Purification process of the recombinant T. solium thioredoxin-1 (rTsTrx-1) and specificity of rabbit anti-TsTrx-1 serum. (a) 15% SDS-PAGE showing the crude extract of Escherichia coli produced with 4 M urea induced with IPTG, 1: after and 2: before. Crude extract was run through the nickel chelator column; 3: wash column. Eluted fractions with imidazole at 4: 50 mM, 5: 100 mM, 6: 200 mM, and 7: 400 mM. Eluted fractions from 100 and 200 mM were mixed and dialyzed and run through the same column to obtain 8: a pure rTsTrx-1. (b) Western blot showing the reaction from anti-TsTrx-1 serum with 1: pure rTsTrx-1 and crude extracts from 2: Taenia solium larvae, 3: T. solium adult, 4: T. saginata adult, 5: T. taeniaeformis adult, 6: T. crassiceps larvae, 7: Hymenolepis diminuta adult, 8: Fasciola hepatica adult, 9: Entamoeba histolytica, 10: E. coli, and 11: Homo sapiens recombinant Trxs. 12: a preimmune serum was incubated with a crude extract of T. solium larvae as a negative control. 13: T. solium cysticerci E/S Ag.
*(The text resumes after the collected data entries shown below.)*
(* Let $\theta\in(0,\infty)$ and let $\mathbf c^L$ be a feasible consumption plan with $|c^L_t(W^t)|\le C<\infty$ almost surely for all $t$. In the SP-MA minimization problem it suffices to minimize over distortion sequences $(m_t)_t\in\mathbb M$, where $$\mathbb M=\Big\{(m_t)_t: m_t\in\mathcal M\ \text{and}\ \sum_{j=0}^\infty\gamma^j E\Big[\frac{M_{t+j}(W^{t+j})}{M_t(w^t)}\,\mathcal E[m_{t+j+1}(\cdot\mid W^{t+j})](Y_{t+j})\,\Big|\,w^t\Big]\le C_{C,\gamma,\theta}\ \ \forall (t,w^t)\Big\},$$ with $C_{C,\gamma,\theta}=\frac{2C}{(1-\gamma)\theta\gamma}$; that is, restricting the minimization in the SP-MA to $\mathbb M$ does not change its value (a minimizing sequence lies in $\mathbb M$).
   Context: Let $(Y_t)$ be a Markov chain on a finite set $\mathbb Y\subseteq\mathbb R_+$ with transition matrix $P_{Y'|Y}$, $(X_t)$ i.i.d. with law $P_X$ independent of $(Y_t)$, $W_t=(X_t,Y_t)$, $W^t=(W_0,\dots,W_t)$, $\mathcal W^t$ the $\sigma$-algebra generated by $W^t$, and $P$ the induced law on histories; $E[\cdot\mid w^t]$ is conditional expectation under $P$ given $W^t=w^t$. A feasible consumption plan is a sequence of $\mathcal W^t$-measurable functions $c^L_t$. Let $\gamma\in(0,1)$. $\mathcal M=\{g:\mathbb Y\to\mathbb R_+:\sum_{y'}g(y')P_{Y'|Y}(y'\mid y)=1\ \forall y\}$, and for $g\in\mathcal M$, $\mathcal E[g](y)=\sum_{y'}g(y')\log g(y')\,P_{Y'|Y}(y'\mid y)$. A distortion sequence is $(m_{t+1})_t$ with $m_{t+1}(\cdot\mid w^t)\in\mathcal M$; $M_0=1$, $M_t=\prod_{\tau=1}^t m_\tau$. The SP-MA minimization problem at $(t,w^t)$ is $$\min_{(m_{t+j+1})_j}\sum_{j=0}^\infty\gamma^j E\Big[\frac{M_{t+j}(W^{t+j})}{M_t(w^t)}\big\{c^L_{t+j}(W^{t+j})+\theta\gamma\,\mathcal E[m_{t+j+1}(\cdot\mid W^{t+j})](Y_{t+j})\big\}\,\Big|\,w^t\Big],$$ and its minimum is assumed to be attained. *)

theory Defs
  imports "HOL-Probability.Probability"
begin

text \<open>Histories w^t = (W_0,...,W_t) are lists of pairs (x,y) of length t+1.
  Parameters: Y (finite state set of the chain), P (P y y' = P_{Y'|Y}(y'|y)),
  MX (law P_X of the X_t on a measurable space).\<close>

definition hist :: "real set \<Rightarrow> 'x measure \<Rightarrow> nat \<Rightarrow> ('x \<times> real) list set" where
  "hist Y MX n = {h. length h = n \<and> (\<forall>w\<in>set h. fst w \<in> space MX \<and> snd w \<in> Y)}"

definition inM :: "real set \<Rightarrow> (real \<Rightarrow> real \<Rightarrow> real) \<Rightarrow> (real \<Rightarrow> real) \<Rightarrow> bool" where
  "inM Y P g \<longleftrightarrow> (\<forall>y'\<in>Y. 0 \<le> g y') \<and> (\<forall>y\<in>Y. (\<Sum>y'\<in>Y. g y' * P y y') = 1)"

definition Ent :: "real set \<Rightarrow> (real \<Rightarrow> real \<Rightarrow> real) \<Rightarrow> (real \<Rightarrow> real) \<Rightarrow> real \<Rightarrow> real" where
  "Ent Y P g y = (\<Sum>y'\<in>Y. g y' * ln (g y') * P y y')"

text \<open>One-step conditional expectation under P of a nonnegative function of W^{n+1},
  given W^n = h: X_{n+1} ~ P_X independent, Y_{n+1} ~ P(.|y_n).\<close>
definition Enext :: "real set \<Rightarrow> (real \<Rightarrow> real \<Rightarrow> real) \<Rightarrow> 'x measure
    \<Rightarrow> (('x \<times> real) list \<Rightarrow> ennreal) \<Rightarrow> ('x \<times> real) list \<Rightarrow> ennreal" where
  "Enext Y P MX F h =
     (\<integral>\<^sup>+ x. (\<Sum>y'\<in>Y. ennreal (P (snd (last h)) y') * F (h @ [(x, y')])) \<partial>MX)"

text \<open>E[F(W^{t+j}) | W^t = h] for nonnegative F.\<close>
definition Ecnd :: "real set \<Rightarrow> (real \<Rightarrow> real \<Rightarrow> real) \<Rightarrow> 'x measure \<Rightarrow> nat
    \<Rightarrow> (('x \<times> real) list \<Rightarrow> ennreal) \<Rightarrow> ('x \<times> real) list \<Rightarrow> ennreal" where
  "Ecnd Y P MX j F = (Enext Y P MX ^^ j) F"

definition cE :: "real set \<Rightarrow> (real \<Rightarrow> real \<Rightarrow> real) \<Rightarrow> 'x measure \<Rightarrow> nat
    \<Rightarrow> (('x \<times> real) list \<Rightarrow> real) \<Rightarrow> ('x \<times> real) list \<Rightarrow> ereal" where
  "cE Y P MX j F h =
     enn2ereal (Ecnd Y P MX j (\<lambda>h'. ennreal (F h')) h)
     - enn2ereal (Ecnd Y P MX j (\<lambda>h'. ennreal (- F h')) h)"

text \<open>Distortion sequences: m (Suc t) h y' = m_{t+1}(y' | w^t) with h = w^t (length t+1);
  m 0 is unused.  M_{t+j}/M_t along a history h' of length t+j+1.\<close>
definition relM :: "(nat \<Rightarrow> ('x \<times> real) list \<Rightarrow> real \<Rightarrow> real) \<Rightarrow> nat \<Rightarrow> nat
    \<Rightarrow> ('x \<times> real) list \<Rightarrow> real" where
  "relM m t j h' = (\<Prod>\<tau>\<in>{Suc t..t+j}. m \<tau> (take \<tau> h') (snd (h' ! \<tau>)))"

text \<open>The \<sigma>-algebra of W^{n-1} = (W_0,..,W_{n-1}) on histories of length n:
  f is W^{n-1}-measurable iff this composite is measurable.\<close>
definition hist_measurable :: "real set \<Rightarrow> 'x measure \<Rightarrow> nat \<Rightarrow> (('x \<times> real) list \<Rightarrow> real) \<Rightarrow> bool" where
  "hist_measurable Y MX n f \<longleftrightarrow>
     (\<lambda>w. f (map w [0..<n])) \<in> borel_measurable (PiM {..<n} (\<lambda>_. MX \<Otimes>\<^sub>M count_space Y))"

definition Dist :: "real set \<Rightarrow> (real \<Rightarrow> real \<Rightarrow> real) \<Rightarrow> 'x measure
    \<Rightarrow> (nat \<Rightarrow> ('x \<times> real) list \<Rightarrow> real \<Rightarrow> real) set" where
  "Dist Y P MX = {m. \<forall>t. (\<forall>h\<in>hist Y MX (Suc t). inM Y P (m (Suc t) h))
      \<and> (\<forall>y'\<in>Y. hist_measurable Y MX (Suc t) (\<lambda>h. m (Suc t) h y'))}"

definition DS :: "real set \<Rightarrow> (real \<Rightarrow> real \<Rightarrow> real) \<Rightarrow> 'x measure \<Rightarrow> real
    \<Rightarrow> (nat \<Rightarrow> ('x \<times> real) list \<Rightarrow> real) \<Rightarrow> ('x \<times> real) list \<Rightarrow> ereal" where
  "DS Y P MX \<gamma> g h = (\<Sum>j. ereal (\<gamma> ^ j) * cE Y P MX j (g j) h)"

definition SPMA :: "real set \<Rightarrow> (real \<Rightarrow> real \<Rightarrow> real) \<Rightarrow> 'x measure \<Rightarrow> real \<Rightarrow> real
    \<Rightarrow> (nat \<Rightarrow> ('x \<times> real) list \<Rightarrow> real) \<Rightarrow> nat
    \<Rightarrow> (nat \<Rightarrow> ('x \<times> real) list \<Rightarrow> real \<Rightarrow> real) \<Rightarrow> ('x \<times> real) list \<Rightarrow> ereal" where
  "SPMA Y P MX \<gamma> \<theta> c t m h = DS Y P MX \<gamma>
     (\<lambda>j h'. relM m t j h' * (c (t+j) h' + \<theta> * \<gamma> * Ent Y P (m (Suc (t+j)) h') (snd (last h')))) h"

definition MM :: "real set \<Rightarrow> (real \<Rightarrow> real \<Rightarrow> real) \<Rightarrow> 'x measure \<Rightarrow> real \<Rightarrow> real
    \<Rightarrow> (nat \<Rightarrow> ('x \<times> real) list \<Rightarrow> real \<Rightarrow> real) set" where
  "MM Y P MX \<gamma> K = {m \<in> Dist Y P MX. \<forall>t. \<forall>h\<in>hist Y MX (Suc t).
      DS Y P MX \<gamma> (\<lambda>j h'. relM m t j h' * Ent Y P (m (Suc (t+j)) h') (snd (last h'))) h \<le> ereal K}"

end

theory Submission
  imports Defs
begin

text \<open>Let \<open>m\<^sup>*\<close> be an SP-MA minimiser at \<open>(t, w\<^sup>t)\<close>. Adding the constant \<open>C\<close> to the consumption
  makes every payoff nonnegative, so both objectives become values of nonnegative payoff streams
  and can be compared in \<open>[0, \<infinity>]\<close>. Comparing \<open>m\<^sup>*\<close> with the undistorted sequence \<open>m = 1\<close>
  (whose value is at most \<open>2C/(1 - \<gamma>)\<close>) shows that the discounted entropy of \<open>m\<^sup>*\<close> from
  \<open>(t, w\<^sup>t)\<close> is at most \<open>K = 2C/((1 - \<gamma>)\<theta>\<gamma>)\<close>. Now stop \<open>m\<^sup>*\<close>: follow it until the first node at
  which its remaining discounted entropy exceeds \<open>K\<close>, and use \<open>m = 1\<close> from there on. At such a
  node switching costs at most \<open>2C/(1 - \<gamma>) = \<theta>\<gamma>K\<close>, less than the entropy cost alone of
  continuing with \<open>m\<^sup>*\<close>, so the stopped sequence is again a minimiser; and by construction its
  remaining entropy is at most \<open>K\<close> at every node, i.e. it lies in \<open>\<M>\<M>\<close>.\<close>

locale markov_histories =
  fixes Y :: "real set" and P :: "real \<Rightarrow> real \<Rightarrow> real" and MX :: "'x measure"
  assumes finite_Y: "finite Y"
    and P_nonneg: "\<And>y y'. y \<in> Y \<Longrightarrow> y' \<in> Y \<Longrightarrow> 0 \<le> P y y'"
    and P_sum: "\<And>y. y \<in> Y \<Longrightarrow> (\<Sum>y'\<in>Y. P y y') = 1"
    and MX_prob: "prob_space MX"
begin

abbreviation "Hist \<equiv> hist Y MX"
abbreviation "step \<equiv> Enext Y P MX"
abbreviation "cexp \<equiv> Ecnd Y P MX"

lemma Hist_iff: "h \<in> Hist n \<longleftrightarrow> length h = n \<and> (\<forall>w\<in>set h. fst w \<in> space MX \<and> snd w \<in> Y)"
  by (simp add: hist_def)

lemma Hist_snoc: "h \<in> Hist n \<Longrightarrow> x \<in> space MX \<Longrightarrow> y \<in> Y \<Longrightarrow> h @ [(x,y)] \<in> Hist (Suc n)"
  by (auto simp: Hist_iff)

lemma Hist_take: "h \<in> Hist n \<Longrightarrow> k \<le> n \<Longrightarrow> take k h \<in> Hist k"
  by (auto simp: Hist_iff dest: in_set_takeD)

lemma Hist_last: "h \<in> Hist (Suc n) \<Longrightarrow> snd (last h) \<in> Y"
  by (auto simp: Hist_iff) (metis last_in_set list.size(3) nat.distinct(1))

lemma Hist_nth: "h \<in> Hist n \<Longrightarrow> i < n \<Longrightarrow> snd (h ! i) \<in> Y \<and> fst (h ! i) \<in> space MX"
  by (auto simp: Hist_iff)

lemma cexp_0: "cexp 0 F h = F h"
  by (simp add: Ecnd_def)

lemma cexp_Suc: "cexp (Suc j) F h = step (cexp j F) h"
  by (simp add: Ecnd_def)

lemma step_eq: "step F h = (\<integral>\<^sup>+ x. (\<Sum>y'\<in>Y. ennreal (P (snd (last h)) y') * F (h @ [(x, y')])) \<partial>MX)"
  by (simp add: Enext_def)

lemma step_mono:
  assumes "h \<in> Hist n" "\<And>x y. x \<in> space MX \<Longrightarrow> y \<in> Y \<Longrightarrow> F (h @ [(x,y)]) \<le> G (h @ [(x,y)])"
  shows "step F h \<le> step G h"
  unfolding step_eq using assms
  by (intro nn_integral_mono sum_mono mult_left_mono) auto

lemma step_cong:
  assumes "h \<in> Hist n" "\<And>x y. x \<in> space MX \<Longrightarrow> y \<in> Y \<Longrightarrow> F (h @ [(x,y)]) = G (h @ [(x,y)])"
  shows "step F h = step G h"
  using step_mono[OF assms(1), of F G] step_mono[OF assms(1), of G F] assms(2) by (simp add: antisym)

lemma step_const:
  assumes "h \<in> Hist (Suc n)"
  shows "step (\<lambda>_. a) h = a"
proof -
  interpret prob_space MX by (rule MX_prob)
  have y: "snd (last h) \<in> Y" using Hist_last assms by blast
  have "(\<Sum>y'\<in>Y. ennreal (P (snd (last h)) y') * a) = ennreal (\<Sum>y'\<in>Y. P (snd (last h)) y') * a"
    using P_nonneg y by (simp add: sum_distrib_right[symmetric] sum_ennreal)
  also have "\<dots> = a" using P_sum y by simp
  finally show ?thesis unfolding step_eq by (simp add: emeasure_space_1)
qed

lemma cexp_zero: "cexp j (\<lambda>_. 0) r = 0"
  by (induction j arbitrary: r) (simp_all add: cexp_0 cexp_Suc step_eq)

lemma cexp_mono:
  assumes "h \<in> Hist n" "\<And>h'. h' \<in> Hist (n + j) \<Longrightarrow> take n h' = h \<Longrightarrow> F h' \<le> G h'"
  shows "cexp j F h \<le> cexp j G h"
  using assms
proof (induction j arbitrary: n h)
  case 0
  then show ?case by (simp add: cexp_0 Hist_iff)
next
  case (Suc j)
  show ?case unfolding cexp_Suc
  proof (rule step_mono[OF Suc.prems(1)])
    fix x y assume xy: "x \<in> space MX" "y \<in> Y"
    show "cexp j F (h @ [(x, y)]) \<le> cexp j G (h @ [(x, y)])"
    proof (rule Suc.IH[where n="Suc n"])
      show "h @ [(x, y)] \<in> Hist (Suc n)" using Hist_snoc Suc.prems(1) xy by blast
      fix h' assume "h' \<in> Hist (Suc n + j)" "take (Suc n) h' = h @ [(x, y)]"
      moreover have "take n h' = h"
        using calculation Suc.prems(1) by (metis Hist_iff butlast_snoc butlast_take diff_Suc_1 le_add1)
      ultimately show "F h' \<le> G h'" using Suc.prems(2) by simp
    qed
  qed
qed

lemma cexp_cong:
  assumes "h \<in> Hist n" "\<And>h'. h' \<in> Hist (n + j) \<Longrightarrow> take n h' = h \<Longrightarrow> F h' = G h'"
  shows "cexp j F h = cexp j G h"
  using cexp_mono[OF assms(1), of j F G] cexp_mono[OF assms(1), of j G F] assms(2) by (simp add: antisym)

lemma cexp_const:
  assumes "h \<in> Hist (Suc n)"
  shows "cexp j (\<lambda>_. a) h = a"
  using assms
proof (induction j arbitrary: n h)
  case 0 then show ?case by (simp add: cexp_0)
next
  case (Suc j)
  have "cexp (Suc j) (\<lambda>_. a) h = step (\<lambda>_. a) h"
    unfolding cexp_Suc by (rule step_cong[OF Suc.prems]) (use Suc.IH[OF Hist_snoc[OF Suc.prems]] in auto)
  then show ?case using step_const Suc.prems by simp
qed

definition "coord_space = MX \<Otimes>\<^sub>M count_space Y"
definition "path_space n = PiM {..<n} (\<lambda>_. coord_space)"

definition adapted :: "nat \<Rightarrow> (('x \<times> real) list \<Rightarrow> 'b::topological_space) \<Rightarrow> bool" where
  "adapted n F \<longleftrightarrow> (\<lambda>w. F (map w [0..<n])) \<in> borel_measurable (path_space n)"

lemma hist_measurable_iff_adapted: "hist_measurable Y MX n f \<longleftrightarrow> adapted n f"
  by (simp add: hist_measurable_def adapted_def path_space_def coord_space_def)

lemma space_coord_space: "space coord_space = space MX \<times> Y"
  by (simp add: coord_space_def space_pair_measure)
Strips 14 and 15 show the rTrx-E. coli and Trx-Homo sapiens stained with Ponceau red. Molecular mass standards are indicated in the middle of both figures.

Figure 5

(a) Thioredoxin-catalyzed reduction of insulin. The increase in turbidity at 650 nm is plotted against the 1, 10, and 20 μg of E. coli rTrx (dark bars) and 5, 10, and 20 μg of Taenia solium thioredoxin-1 (rTsTrx-1, grey bars). (C−) Control lacking rTsTrx-1. (b) The pH enzymatic stability was determined incubating 20 μg of rTsTrx-1 at different pH between 3 and 10. The residual activity was measured as before.

Figure 6

Effect of temperature on T. solium thioredoxin-1 (rTsTrx-1) activity. (a) rTsTrx-1 was incubated for 1, 3, and 24 hours at 15°C, 25°C, 37°C, 55°C, 70°C, and 100°C. (C−) Control lacking rTsTrx-1. (b) rTsTrx-1 was incubated during 3 to 28 days at 25°C, 15°C, 4°C, −20°C, and −70°C. (C+) Control of enzymatic activity was performed with a freshly made rTsTrx-1. Residual activity was determined by reduction of insulin assay.

Figure 7

Effect on T. solium thioredoxin-1 (TsTrx-1) after incubation with different concentrations of (a) NaCl (25–2 M), (b) methylglyoxal (MG, 0.05–8 mM), (c) H₂O₂ (10 μM–200 mM), and (d) IgG rabbit anti-T. solium Trx-1 and IgG from preimmune serum (1, 10, and 20 μg). (C−) Control lacking rTsTrx-1 and (C+) control of enzymatic activity was performed with a freshly made rTsTrx-1.